lemma Z_per_ge_power:
  assumes "1 \<le> m" "1 \<le> n" and lam: "1 \<le> lam"
  shows "(1 + lam powr (-1/2)) ^ nat (m*n) \<le> Z_per x y (2*m) (2*n) lam"
proof -
  define t where "t = lam powr (-1/2)"
  have t: "0 \<le> t" "t \<le> 1" unfolding t_def using powr_mono[of "-1/2" 0 lam] lam by simp_all
  define P where "P = {0..<m} \<rightarrow>\<^sub>E column_states n"
  let ?\<sigma> = "column_config x y m n"
  have "(1 + t) ^ nat (m*n) = (\<Prod>i\<in>{0..<m}. (1 + t) ^ nat n)"
    using assms(1,2) by (simp add: nat_mult_distrib) (metis mult.commute power_mult)
  also have "\<dots> \<le> (\<Prod>i\<in>{0..<m}. \<Sum>g\<in>column_states n. t ^ card (fst g))"
    by (intro prod_mono) (use sum_column_states_power_ge[OF t] t in auto)
  also have "\<dots> = (\<Sum>f\<in>P. \<Prod>i\<in>{0..<m}. t ^ card (fst (f i)))"
    unfolding P_def by (rule prod_sum_PiE) (auto simp: finite_column_states)
  also have "\<dots> \<le> (\<Sum>f\<in>P. weight x y (2*m) (2*n) lam (?\<sigma> f))"
    unfolding P_def t_def by (intro sum_mono weight_column_config_ge lam)
  also have "\<dots> = (\<Sum>\<sigma>\<in>?\<sigma> ` P. weight x y (2*m) (2*n) lam \<sigma>)"
    unfolding P_def using column_config_inj[OF assms(2)] by (simp add: sum.reindex)
  also have "\<dots> \<le> Z_per x y (2*m) (2*n) lam"
    unfolding Z_per_def P_def using assms(1,2) column_config_in_Omega_per
    by (intro sum_mono2 Omega_per_finite) (auto simp: weight_def)
  finally show ?thesis by (simp add: t_def)
qed

lemma powr_minus_half_less:
  fixes d lam :: real
  assumes "0 < d" "1 / d^2 < lam"
  shows "lam powr (-1/2) < d"
proof -
  have "0 < 1 / d^2" using assms(1) by simp
  with assms(2) have "0 < lam" by linarith
  have "1 / d < sqrt lam"
    using assms by (metis power_one_over real_less_rsqrt)
  then have "inverse (sqrt lam) < d"
    using assms(1) \<open>0 < lam\<close> by (simp add: field_simps)
  then show ?thesis using \<open>0 < lam\<close> by (simp add: powr_minus powr_half_sqrt)
qed

lemma ln_one_plus_ge_linear:
  fixes c t :: real
  assumes "0 < t" "t \<le> 1" "t \<le> 1 - 4*c"
  shows "4*c*t \<le> ln (1 + t)"
proof -
  have "t - t^2 \<le> ln (1 + t)" using ln_one_plus_pos_lower_bound assms(1,2) by simp
  moreover have "0 \<le> t * (1 - 4*c - t)" using assms by simp
  ultimately show ?thesis by (simp add: power2_eq_square algebra_simps)
qed

theorem corollary4p3:
  fixes c :: real
  assumes "c < 1/4"
  shows "\<exists>lam0::real. \<forall>lam>lam0. \<forall>x y K L :: int. even_rect x y K L \<longrightarrow>
           Z_per x y K L lam \<ge> exp (c * lam powr (-1/2) * real_of_int (K * L))"
proof -
  define d where "d = 1 - 4*c"
  have "0 < d" using assms by (simp add: d_def)
  show ?thesis
  proof (intro exI[of _ "max 1 (1 / d^2)"] allI impI)
    fix lam :: real and x y K L :: int
    assume lam: "max 1 (1 / d^2) < lam" and r: "even_rect x y K L"
    define t where "t = lam powr (-1/2)"
    have t: "0 < t" "t \<le> 1" "t \<le> 1 - 4*c"
      using lam powr_minus_half_less[OF \<open>0 < d\<close>, of lam] powr_mono[of "-1/2" 0 lam]
      by (auto simp: t_def d_def)
    obtain m n where K: "K = 2*m" and L: "L = 2*n" and mn: "1 \<le> m" "1 \<le> n"
      using r by (auto simp: even_rect_def elim!: evenE)
    have "exp (c * lam powr (-1/2) * real_of_int (K * L)) = exp (real (nat (m*n)) * (4*c*t))"
      using mn by (simp add: K L t_def algebra_simps)
    also have "\<dots> \<le> exp (real (nat (m*n)) * ln (1 + t))"
      using ln_one_plus_ge_linear[OF t] by (simp add: mult_left_mono)
    also have "\<dots> = (1 + t) ^ nat (m*n)"
      using t by (simp add: exp_of_nat_mult)
    also have "\<dots> \<le> Z_per x y K L lam"
      unfolding K L t_def using Z_per_ge_power[OF mn] lam by simp
    finally show "Z_per x y K L lam \<ge> exp (c * lam powr (-1/2) * real_of_int (K * L))" .
  qed
qed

□ □ □ □ □ □ □

TASK ITEM: Using the listing, copy every line where the word "sigma" shows up.

WRITTEN RESPONSE:
  let ?\<sigma> = "column_config x y m n"
  also have "\<dots> \<le> (\<Sum>f\<in>P. weight x y (2*m) (2*n) lam (?\<sigma> f))"
  also have "\<dots> = (\<Sum>\<sigma>\<in>?\<sigma> ` P. weight x y (2*m) (2*n) lam \<sigma>)"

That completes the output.